Problem statement: Please output exactly the part of the records below that opens with the line containing "card (insert D" and closes with the line containing "by (metis card_mono finite_Diff)", both lines included, and nothing else.

Data extract:
lemma triangle_subset_V: "triangle E D \<Longrightarrow> D \<subseteq> V"
  unfolding triangle_def using edge_in_V by blast

lemma card_nbhd_Diff_triangle:
  assumes "triangle E D" "u \<in> D"
  shows "card (nbhd V E u - D) = 1"
proof -
  obtain p q where D: "D = {u, p, q}" "p \<noteq> q" "E u p" "E u q"
    using triangle_at[OF assms] by blast
  have "nbhd V E u \<inter> D = {p, q}"
    using D edge_irrefl by auto
  then have "card (nbhd V E u - D) = card (nbhd V E u) - card {p, q}"
    by (metis card_Diff_subset_Int finite.emptyI finite.insertI)
  also have "\<dots> = 1"
    using D(2,3) edge_in_V by (simp add: card_nbhd)
  finally show ?thesis .
qed

lemma spreading_set_meets_triangle:
  assumes "spreading_set V E 2 q S" "triangle E D"
  shows "S \<inter> D \<noteq> {}"
proof
  assume "S \<inter> D = {}"
  have "X \<inter> D = {}" if "(color_change V E 2 q)\<^sup>*\<^sup>* S X" for X
    using that
  proof (induction rule: rtranclp_induct)
    case (step Y Y')
    then obtain w where w: "w \<notin> Y" "Y' = insert w Y" "2 \<le> card (nbhd V E w \<inter> Y)"
      unfolding color_change_def by blast
    have "w \<notin> D"
    proof
      assume "w \<in> D"
      have "card (nbhd V E w \<inter> Y) \<le> card (nbhd V E w - D)"
        using step.IH by (intro card_mono) (auto simp: finite_nbhd)
      with w(3) card_nbhd_Diff_triangle[OF assms(2) \<open>w \<in> D\<close>] show False
        by simp
    qed
    with step.IH w(2) show ?case by simp
  qed fact
  then have "V \<inter> D = {}"
    using assms(1) unfolding spreading_set_def by blast
  with triangle_subset_V[OF assms(2)] assms(2) show False
    unfolding triangle_def by blast
qed

lemma card_disjoint_triangles_le_sigma:
  assumes "\<forall>D\<in>Ts. triangle E D" "pairwise disjnt Ts"
  shows "card Ts \<le> sigma V E 2 q"
proof -
  obtain S where S: "spreading_set V E 2 q S" "sigma V E 2 q = card S"
    using sigma_attained finite_V by blast
  define pick where "pick D = (SOME s. s \<in> S \<inter> D)" for D
  have pick: "pick D \<in> S \<inter> D" if "D \<in> Ts" for D
  proof -
    have "S \<inter> D \<noteq> {}"
      using spreading_set_meets_triangle[OF S(1)] assms(1) that by blast
    then show ?thesis
      unfolding pick_def by (rule some_in_eq[THEN iffD2])
  qed
  have "inj_on pick Ts"
  proof (rule inj_onI)
    fix D D' assume "D \<in> Ts" "D' \<in> Ts" "pick D = pick D'"
    then have "\<not> disjnt D D'"
      using pick unfolding disjnt_def by (metis IntD2 disjoint_iff)
    with \<open>D \<in> Ts\<close> \<open>D' \<in> Ts\<close> assms(2) show "D = D'"
      by (meson pairwiseD)
  qed
  moreover have "pick ` Ts \<subseteq> S"
    using pick by blast
  moreover have "finite S"
    using S(1) finite_V unfolding spreading_set_def by (auto intro: finite_subset)
  ultimately show ?thesis
    using S(2) card_inj_on_le by metis
qed

text \<open>T is the initial set, B the blue set it reaches, and Ts the disjoint triangles paying
  for all vertices of T but one.\<close>

definition spread_state :: "'a set \<Rightarrow> 'a set \<Rightarrow> 'a set set \<Rightarrow> bool" where
  "spread_state T B Ts \<longleftrightarrow> T \<subseteq> B \<and> B \<subseteq> V \<and> (color_change V E 2 2)\<^sup>*\<^sup>* T B \<and>
     (\<forall>v\<in>B. \<exists>u\<in>B. E v u) \<and> (\<forall>D\<in>Ts. triangle E D \<and> D \<subseteq> B) \<and> pairwise disjnt Ts \<and>
     card T = card Ts + 1"

lemma spread_state_triangle:
  assumes "E v a" "E v b" "E a b"
  shows "spread_state {v, a} {v, a, b} {{v, a, b}}"
proof -
  have "v \<noteq> a" "v \<noteq> b" "a \<noteq> b"
    using assms edge_irrefl by metis+
  then have "color_change V E 2 2 {v, a} (insert b {v, a})"
    using assms edge_sym edge_in_V by (intro color_change_2_2I[where a' = a]) auto
  then have "(color_change V E 2 2)\<^sup>*\<^sup>* {v, a} {v, a, b}"
    by (simp add: insert_commute)
  moreover have "triangle E {v, a, b}"
    unfolding triangle_def using assms by blast
  ultimately show ?thesis
    unfolding spread_state_def using assms edge_sym edge_in_V \<open>v \<noteq> a\<close> by auto
qed

lemma spread_state_insert:
  assumes st: "spread_state T B Ts"
    and "w \<in> V" "w \<notin> B" "E w a" "E w b" "a \<noteq> b" "a \<in> B" "b \<in> B"
  shows "spread_state T (insert w B) Ts"
proof -
  obtain a' where "a' \<in> B" "E a a'"
    using st \<open>a \<in> B\<close> unfolding spread_state_def by blast
  then have "color_change V E 2 2 B (insert w B)"
    using color_change_2_2I[OF assms(2-8)] by blast
  with st show ?thesis
    unfolding spread_state_def using assms edge_sym by auto
qed

lemma spread_state_add_triangle:
  assumes st: "spread_state T B Ts" and D: "triangle E D" "\<forall>D'\<in>Ts. disjnt D D'"
    and t: "t \<in> D" "t \<notin> B"
    and reach: "(color_change V E 2 2)\<^sup>*\<^sup>* (insert t B) (B \<union> D)"
  shows "spread_state (insert t T) (B \<union> D) (insert D Ts)"
proof -
  have TB: "T \<subseteq> B" "B \<subseteq> V" "(color_change V E 2 2)\<^sup>*\<^sup>* T B"
    and Ts: "\<forall>D'\<in>Ts. triangle E D' \<and> D' \<subseteq> B" "pairwise disjnt Ts"
    and card_T: "card T = card Ts + 1"
    using st unfolding spread_state_def by blast+
  have "(color_change V E 2 2)\<^sup>*\<^sup>* (insert t T) (B \<union> D)"
    using color_change_rtranclp_insert[OF TB(3)] reach by (rule rtranclp_trans)
  moreover have "\<exists>u\<in>B \<union> D. E v u" if "v \<in> B \<union> D" for v
  proof (cases "v \<in> B")
    case True
    with st show ?thesis
      unfolding spread_state_def by blast
  next
    case False
    with that obtain p q where "D = {v, p, q}" "E v p"
      using triangle_at[OF D(1)] by blast
    then show ?thesis by blast
  qed
  moreover have "pairwise disjnt (insert D Ts)"
    using Ts(2) D(2) by (auto simp: pairwise_insert disjnt_sym)
  moreover have "card (insert t T) = card (insert D Ts) + 1"
  proof -
    have "Ts \<subseteq> Pow V"
      using TB(2) Ts(1) by auto
    then have "finite Ts"
      using finite_V by (simp add: finite_subset)
    moreover have "finite T"
      using TB(1,2) finite_V by (simp add: finite_subset)
    moreover have "t \<notin> T" "D \<notin> Ts"
      using TB Ts(1) t by auto
    ultimately show ?thesis
      using card_T by simp
  qed
  ultimately show ?thesis
    using st triangle_subset_V[OF D(1)] D(1) t
    unfolding spread_state_def by auto
qed

lemma spread_state_add_triangle_at_blue:
  assumes st: "spread_state T B Ts" and "u \<in> B" "w \<notin> B" "y \<notin> B"
    and "E u w" "E u y" "E w y"
  shows "spread_state (insert w T) (B \<union> {u, w, y}) (insert {u, w, y} Ts)"
proof (rule spread_state_add_triangle[OF st])
  show "triangle E {u, w, y}"
    unfolding triangle_def using assms by blast
  show "\<forall>D\<in>Ts. disjnt {u, w, y} D"
  proof
    fix D assume "D \<in> Ts"
    then have D: "triangle E D" "D \<subseteq> B"
      using st unfolding spread_state_def by blast+
    have "u \<notin> D"
    proof
      assume "u \<in> D"
      have "{w, y} \<subseteq> nbhd V E u - D"
        using assms D(2) by auto
      then have "card {w, y} \<le> 1"
        using card_nbhd_Diff_triangle[OF D(1) \<open>u \<in> D\<close>] finite_nbhd
        by (metis card_mono finite_Diff)
      moreover have "w \<noteq> y"
        using \<open>E w y\<close> edge_irrefl by blast
      ultimately show False
        by simp
    qed
    with assms D(2) show "disjnt {u, w, y} D"
      by (auto simp: disjnt_def)
  qed
  obtain u' where "u' \<in> B" "E u u'"
    using st \<open>u \<in> B\<close> unfolding spread_state_def by blast
  then have "color_change V E 2 2 (insert w B) (insert y (insert w B))"
    using assms edge_sym edge_in_V edge_irrefl
    by (intro color_change_2_2I[where a = u and b = w and a' = u']) auto
  moreover have "B \<union> {u, w, y} = insert y (insert w B)"
    using \<open>u \<in> B\<close> by auto
  ultimately show "(color_change V E 2 2)\<^sup>*\<^sup>* (insert w B) (B \<union> {u, w, y})"
    by simp
qed (use assms in auto)

lemma spread_state_add_white_triangle:
  assumes st: "spread_state T B Ts" and "u \<in> B" "w \<notin> B" "y \<notin> B" "z \<notin> B"
    and "E u w" "E w y" "E w z" "E y z"
  shows "spread_state (insert y T) (B \<union> {w, y, z}) (insert {w, y, z} Ts)"
proof (rule spread_state_add_triangle[OF st])
  show "triangle E {w, y, z}"
    unfolding triangle_def using assms by blast
  show "\<forall>D\<in>Ts. disjnt {w, y, z} D"
    using st assms unfolding spread_state_def disjnt_def by blast
  obtain u' where "u' \<in> B" "E u u'"
    using st \<open>u \<in> B\<close> unfolding spread_state_def by blast
  then have "color_change V E 2 2 (insert y B) (insert w (insert y B))"
    using assms edge_sym edge_in_V edge_irrefl
    by (intro color_change_2_2I[where a = u and b = y and a' = u']) auto
  moreover have "color_change V E 2 2 (insert w (insert y B)) (insert z (insert w (insert y B)))"
    using assms edge_sym edge_in_V edge_irrefl
    by (intro color_change_2_2I[where a = w and b = y and a' = u]) auto
  ultimately show "(color_change V E 2 2)\<^sup>*\<^sup>* (insert y B) (B \<union> {w, y, z})"
    by (simp add: insert_commute)
qed (use assms in auto)

end

locale connected_claw_free_cubic_graph = cubic_graph +
  assumes connected: "connected_graph V E" and claw_free: "claw_free V E"
begin

lemma claw_free_nbhd:
  assumes "E w a" "E w b" "E w c" "a \<noteq> b" "a \<noteq> c" "b \<noteq> c"
  shows "E a b \<or> E a c \<or> E b c"
  using claw_free assms edge_in_V unfolding claw_free_def by blast

lemma spread_state_init:
  obtains T B Ts where "spread_state T B Ts"
proof -
  obtain v where "v \<in> V"
    using connected unfolding connected_graph_def by blast
  then obtain a b c where abc: "nbhd V E v = {a, b, c}" "a \<noteq> b" "b \<noteq> c" "a \<noteq> c"
    using card_nbhd by (metis card_3_iff)
  then have "E v a" "E v b" "E v c"
    by (metis insertI1 insertI2 mem_nbhd_iff)+
  with abc(2-4) consider "E a b" | "E a c" | "E b c"
    using claw_free_nbhd by blast
  then show thesis
    using spread_state_triangle that \<open>E v a\<close> \<open>E v b\<close> \<open>E v c\<close> by cases blast+
qed

lemma spread_state_extend:
  assumes st: "spread_state T B Ts" and u: "u \<in> B" "E u w" and w: "w \<notin> B"
  obtains T' B' Ts' where "spread_state T' B' Ts'" "insert w B \<subseteq> B'"
proof -
  have "w \<in> V" "E w u"
    using u edge_in_V edge_sym by blast+
  then have "card (nbhd V E w - {u}) = 2"
    by (simp add: card_nbhd finite_nbhd)
  then obtain y z where yz: "nbhd V E w - {u} = {y, z}" "y \<noteq> z"
    unfolding card_2_iff by blast
  then have "y \<in> nbhd V E w - {u}" "z \<in> nbhd V E w - {u}"
    by blast+
  then have "E w y" "E w z" "u \<noteq> y" "u \<noteq> z"
    by auto
  consider "y \<in> B" | "z \<in> B" | "y \<notin> B" "z \<notin> B"
    by blast
  then show thesis
  proof cases
    case 1
    show thesis
      by (rule that[OF spread_state_insert[OF st \<open>w \<in> V\<close> w \<open>E w u\<close> \<open>E w y\<close> \<open>u \<noteq> y\<close> u(1) 1]])
        auto
  next
    case 2
    show thesis
      by (rule that[OF spread_state_insert[OF st \<open>w \<in> V\<close> w \<open>E w u\<close> \<open>E w z\<close> \<open>u \<noteq> z\<close> u(1) 2]])
        auto
  next
    case 3
    have "E u y \<or> E u z \<or> E y z"
      using claw_free_nbhd \<open>E w u\<close> \<open>E w y\<close> \<open>E w z\<close> \<open>u \<noteq> y\<close> \<open>u \<noteq> z\<close> yz(2) by blast
    then show thesis
    proof (elim disjE)
      assume "E u y"
      show thesis
        by (rule that[OF spread_state_add_triangle_at_blue[OF st u(1) w 3(1) u(2) \<open>E u y\<close> \<open>E w y\<close>]])
          auto
    next
      assume "E u z"
      show thesis
        by (rule that[OF spread_state_add_triangle_at_blue[OF st u(1) w 3(2) u(2) \<open>E u z\<close> \<open>E w z\<close>]])
          auto
    next
      assume "E y z"
      show thesis
        by (rule that[OF spread_state_add_white_triangle[OF st u(1) w 3 u(2) \<open>E w y\<close> \<open>E w z\<close> \<open>E y z\<close>]])
          auto
    qed
  qed
qed

lemma spread_state_grow:
  assumes st: "spread_state T B Ts" and "B \<noteq> V"
  obtains T' B' Ts' where "spread_state T' B' Ts'" "B \<subset> B'"
proof -
  have "T \<noteq> {}" "T \<subseteq> B" "B \<subseteq> V"
    using st unfolding spread_state_def by auto
  then obtain b v where "b \<in> B" "b \<in> V" "v \<in> V" "v \<notin> B"
    using \<open>B \<noteq> V\<close> by blast
  then obtain u w where "u \<in> B" "E u w" "w \<notin> B"
    using connected_graph_edge_leaving[OF connected] by blast
  with st obtain T' B' Ts' where "spread_state T' B' Ts'" "insert w B \<subseteq> B'"
    by (rule spread_state_extend)
  with \<open>w \<notin> B\<close> that show thesis
    by blast
qed

lemma spread_state_reaches_V:
  "spread_state T B Ts \<Longrightarrow> \<exists>T' Ts'. spread_state T' V Ts'"
proof (induction "card (V - B)" arbitrary: T B Ts rule: less_induct)
  case less
  show ?case
  proof (cases "B = V")
    case True
    with less.prems show ?thesis by blast
  next
    case False
    with less.prems obtain T' B' Ts' where st': "spread_state T' B' Ts'" "B \<subset> B'"
      by (rule spread_state_grow)
    then have "V - B' \<subset> V - B"
      unfolding spread_state_def by blast
    then have "card (V - B') < card (V - B)"
      using finite_V by (simp add: psubset_card_mono)
    with less.hyps st'(1) show ?thesis by blast
  qed
qed
text \<open>The variational inequality of the direction subproblem, tested at y - z, is combined with
  strong convexity between z and y, the Armijo condition and the dominance of y.\<close>
lemma armijo_condition_contraction:
  assumes pc: "proper_cone K" and e: "e \<in> interior K" and sconv: "strongly_K_convex K F J \<mu>"
    and lin: "linear (J z)" and min: "\<forall>d'. dir_obj K e (J z) d \<le> dir_obj K e (J z) d'"
    and "0 < t" and mu: "\<And>c. c \<in> Ce K e \<Longrightarrow> m \<le> c \<bullet> \<mu>"
    and arm: "K_le K (F (z + t *\<^sub>R d) - F z) (t *\<^sub>R (J z d + (1/2 * (norm d)\<^sup>2) *\<^sub>R e))"
    and y: "K_le K (F y) (F (z + t *\<^sub>R d))"
  shows "(norm (z + t *\<^sub>R d - y))\<^sup>2 \<le> (1 - t * m) * (norm (z - y))\<^sup>2"
proof -
  let ?P = "\<lambda>v. Ce_sup K e (J z v)"
  define D where "D = (norm (z - y))\<^sup>2"
  define X where "X = d \<bullet> (z - y)"
  have Pd: "?P d = - (norm d)\<^sup>2" by (rule Ce_sup_steepest_direction[OF pc e lin min])
  have "0 \<le> ?P (y - z) - ?P d + d \<bullet> ((y - z) - d)"
    using convex_prox_variational_inequality[OF convex_on_Ce_sup_linear[OF pc e lin]] min
    unfolding dir_obj_eq_Ce_sup by blast
  then have X: "X \<le> ?P (y - z)"
    unfolding Pd X_def by (simp add: inner_diff_right power2_norm_eq_inner)
  have "?P (y - z) \<le> - t/2 * (norm d)\<^sup>2 - 1/2 * m * D"
    unfolding Ce_sup_le_iff[OF pc e]
  proof
    fix c assume c: "c \<in> Ce K e"
    have "K_le K (J z (y - z) + (1/2 * D) *\<^sub>R \<mu>) (F y - F z)"
      using sconv unfolding strongly_K_convex_def D_def by (metis norm_minus_commute)
    then have s1: "c \<bullet> J z (y - z) + 1/2 * D * (c \<bullet> \<mu>) \<le> c \<bullet> F y - c \<bullet> F z"
      using K_le_Ce_inner[OF _ c] by (fastforce simp: inner_add_right inner_diff_right)
    have s2: "c \<bullet> F y \<le> c \<bullet> F (z + t *\<^sub>R d)" using K_le_Ce_inner[OF y c] .
    have "c \<bullet> J z d \<le> ?P d" by (rule Ce_sup_upper[OF e c])
    then have "t * (c \<bullet> J z d) \<le> t * - (norm d)\<^sup>2" using \<open>0 < t\<close> Pd by (intro mult_left_mono) auto
    then have "c \<bullet> (t *\<^sub>R (J z d + (1/2 * (norm d)\<^sup>2) *\<^sub>R e)) \<le> - t/2 * (norm d)\<^sup>2"
      using c unfolding Ce_def by (simp add: inner_add_right algebra_simps)
    with K_le_Ce_inner[OF arm c]
    have s3: "c \<bullet> F (z + t *\<^sub>R d) - c \<bullet> F z \<le> - t/2 * (norm d)\<^sup>2"
      by (simp add: inner_diff_right)
    have "m * D \<le> (c \<bullet> \<mu>) * D" using mu[OF c] D_def by (simp add: mult_right_mono)
    with s1 s2 s3 show "c \<bullet> J z (y - z) \<le> - t/2 * (norm d)\<^sup>2 - 1/2 * m * D" by argo
  qed
  with X have "2 * t * X \<le> 2 * t * (- t/2 * (norm d)\<^sup>2 - 1/2 * m * D)"
    using \<open>0 < t\<close> by (intro mult_left_mono) auto
  moreover have "(norm (z + t *\<^sub>R d - y))\<^sup>2 = D + 2 * t * X + t\<^sup>2 * (norm d)\<^sup>2"
  proof -
    have "z + t *\<^sub>R d - y = (z - y) + t *\<^sub>R d" by (simp add: algebra_simps)
    then show ?thesis unfolding D_def X_def power2_norm_eq_inner
      by (simp add: inner_add_left inner_add_right inner_diff_left inner_diff_right
          inner_commute[of z d] inner_commute[of y d] power2_eq_square algebra_simps)
  qed
  ultimately show ?thesis unfolding D_def[symmetric] by (simp add: power2_eq_square algebra_simps)
qed

lemma LIMSEQ_geometric_bound:
  fixes x :: "nat \<Rightarrow> 'a::real_normed_vector"
  assumes "0 \<le> s" "s < 1" "\<And>k. norm (x k - y) \<le> s ^ k * C"
  shows "x \<longlonglongrightarrow> y"
proof -
  have lim: "(\<lambda>k. s ^ k * C) \<longlonglongrightarrow> 0"
    using assms(1,2) by (intro tendsto_mult_left_zero LIMSEQ_power_zero) simp_all
  have "(\<lambda>k. x k - y) \<longlonglongrightarrow> 0"
    by (rule Lim_null_comparison[OF _ lim]) (use assms(3) in simp)
  then show ?thesis by (simp add: LIM_zero_iff)
qed

lemma lower_set_contraction_converges:
  fixes x :: "nat \<Rightarrow> 'a::{real_normed_vector, heine_borel}"
  assumes refl: "\<And>a. R a a" and trans: "\<And>a b c. R a b \<Longrightarrow> R b c \<Longrightarrow> R a c"
    and closed: "\<And>z. closed {y. R y z}"
    and desc: "\<And>k. R (x (Suc k)) (x k)"
    and contr: "\<And>k y. R y (x (Suc k)) \<Longrightarrow> norm (x (Suc k) - y) \<le> s * norm (x k - y)"
    and s: "0 \<le> s" "s < 1"
  shows "\<exists>xs. x \<longlonglongrightarrow> xs \<and> (\<forall>k. R xs (x k)) \<and> (\<forall>y. R y xs \<longrightarrow> y = xs)"
proof -
  have chain: "R (x m) (x k)" if "k \<le> m" for k m
    using that
  proof (induction m rule: dec_induct)
    case (step m)
    then show ?case using trans[OF desc[of m]] by blast
  qed (rule refl)
  have tendsto_lower: "x \<longlonglongrightarrow> y" if lower: "\<And>k. R y (x k)" for y
  proof (rule LIMSEQ_geometric_bound[OF s])
    show "norm (x k - y) \<le> s ^ k * norm (x 0 - y)" for k
    proof (induction k)
      case (Suc k)
      have "norm (x (Suc k) - y) \<le> s * norm (x k - y)" by (rule contr[OF lower])
      also have "\<dots> \<le> s * (s ^ k * norm (x 0 - y))" using Suc s by (intro mult_left_mono) auto
      finally show ?case by simp
    qed simp
  qed
  have "norm (x 0 - x m) \<le> norm (x 0 - x 1) / (1 - s)" for m
  proof (cases m)
    case (Suc i)
    then have "norm (x 1 - x m) \<le> s * norm (x 0 - x m)" using contr[of "x m" 0] chain[of 1 m] by simp
    moreover have "norm (x 0 - x m) \<le> norm (x 0 - x 1) + norm (x 1 - x m)" using norm_triangle_ineq[of "x 0 - x 1" "x 1 - x m"] by simp
    ultimately have "(1 - s) * norm (x 0 - x m) \<le> norm (x 0 - x 1)" by (simp add: left_diff_distrib)
    then show ?thesis using s by (simp add: field_simps)
  qed (use s in simp)
  then have "range x \<subseteq> cball (x 0) (norm (x 0 - x 1) / (1 - s))" by (auto simp: dist_norm)
  then have "bounded (range x)" by (rule bounded_subset[OF bounded_cball])
  then obtain xs r where r: "strict_mono r" "(x \<circ> r) \<longlonglongrightarrow> xs"
    using bounded_imp_convergent_subsequence by blast
  have below: "R xs (x k)" for k
  proof -
    have "R (x (r n)) (x k)" if "k \<le> n" for n
      using seq_suble[OF r(1), of n] that by (intro chain) linarith
    then have "\<forall>\<^sub>F n in sequentially. (x \<circ> r) n \<in> {y. R y (x k)}"
      unfolding eventually_sequentially by auto
    then show ?thesis using Lim_in_closed_set[OF closed _ _ r(2)] by simp
  qed
  have "y = xs" if "R y xs" for y
  proof -
    have "x \<longlonglongrightarrow> y" using trans[OF that below] by (rule tendsto_lower)
    then show ?thesis using LIMSEQ_unique[OF _ tendsto_lower[OF below]] by blast
  qed
  then show ?thesis using tendsto_lower[OF below] below by blast
qed

definition armijo_step :: "'b::euclidean_space set \<Rightarrow> 'b \<Rightarrow> ('a::euclidean_space \<Rightarrow> 'b) \<Rightarrow> ('a \<Rightarrow> 'b) \<Rightarrow> real \<Rightarrow> 'a \<Rightarrow> 'a \<Rightarrow> real" where
  "armijo_step K e F L \<gamma> z d = \<gamma> ^ (LEAST j. armijo_ok K e F L \<gamma> z d j)"

lemma armijo_step_bounds:
  fixes z d :: "'a::euclidean_space"
  assumes "proper_cone K" "e \<in> interior K" "K_smooth K F J l" "linear (J z)"
    and "0 < \<gamma>" "\<gamma> < 1" "0 < Ce_sup K e l"
  defines "t \<equiv> armijo_step K e F (J z) \<gamma> z d"
  shows "K_le K (F (z + t *\<^sub>R d) - F z) (t *\<^sub>R (J z d + (1/2 * (norm d)\<^sup>2) *\<^sub>R e))"
    and "min (\<gamma> / Ce_sup K e l) 1 \<le> t" "0 < t"
proof -
  have small: "armijo_ok K e F (J z) \<gamma> z d j" if "\<gamma> ^ j * Ce_sup K e l \<le> 1" for j
    using that by (rule armijo_ok_if_small_step[OF assms(1-5)])
  have "armijo_ok K e F (J z) \<gamma> z d (LEAST j. armijo_ok K e F (J z) \<gamma> z d j)"
    by (rule backtracking_Least(1)[OF assms(5-7)]) (rule small)
  then show "K_le K (F (z + t *\<^sub>R d) - F z) (t *\<^sub>R (J z d + (1/2 * (norm d)\<^sup>2) *\<^sub>R e))"
    unfolding t_def armijo_step_def armijo_ok_def .
  show "min (\<gamma> / Ce_sup K e l) 1 \<le> t"
    unfolding t_def armijo_step_def by (rule backtracking_Least(2)[OF assms(5-7)]) (rule small)
  show "0 < t" unfolding t_def armijo_step_def using assms(5) by simp
qed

Written answer:
  moreover have "card (insert t T) = card (insert D Ts) + 1"
  proof -
    have "Ts \<subseteq> Pow V"
      using TB(2) Ts(1) by auto
    then have "finite Ts"
      using finite_V by (simp add: finite_subset)
    moreover have "finite T"
      using TB(1,2) finite_V by (simp add: finite_subset)
    moreover have "t \<notin> T" "D \<notin> Ts"
      using TB Ts(1) t by auto
    ultimately show ?thesis
      using card_T by simp
  qed
  ultimately show ?thesis
    using st triangle_subset_V[OF D(1)] D(1) t
    unfolding spread_state_def by auto
qed

lemma spread_state_add_triangle_at_blue:
  assumes st: "spread_state T B Ts" and "u \<in> B" "w \<notin> B" "y \<notin> B"
    and "E u w" "E u y" "E w y"
  shows "spread_state (insert w T) (B \<union> {u, w, y}) (insert {u, w, y} Ts)"
proof (rule spread_state_add_triangle[OF st])
  show "triangle E {u, w, y}"
    unfolding triangle_def using assms by blast
  show "\<forall>D\<in>Ts. disjnt {u, w, y} D"
  proof
    fix D assume "D \<in> Ts"
    then have D: "triangle E D" "D \<subseteq> B"
      using st unfolding spread_state_def by blast+
    have "u \<notin> D"
    proof
      assume "u \<in> D"
      have "{w, y} \<subseteq> nbhd V E u - D"
        using assms D(2) by auto
      then have "card {w, y} \<le> 1"
        using card_nbhd_Diff_triangle[OF D(1) \<open>u \<in> D\<close>] finite_nbhd
        by (metis card_mono finite_Diff)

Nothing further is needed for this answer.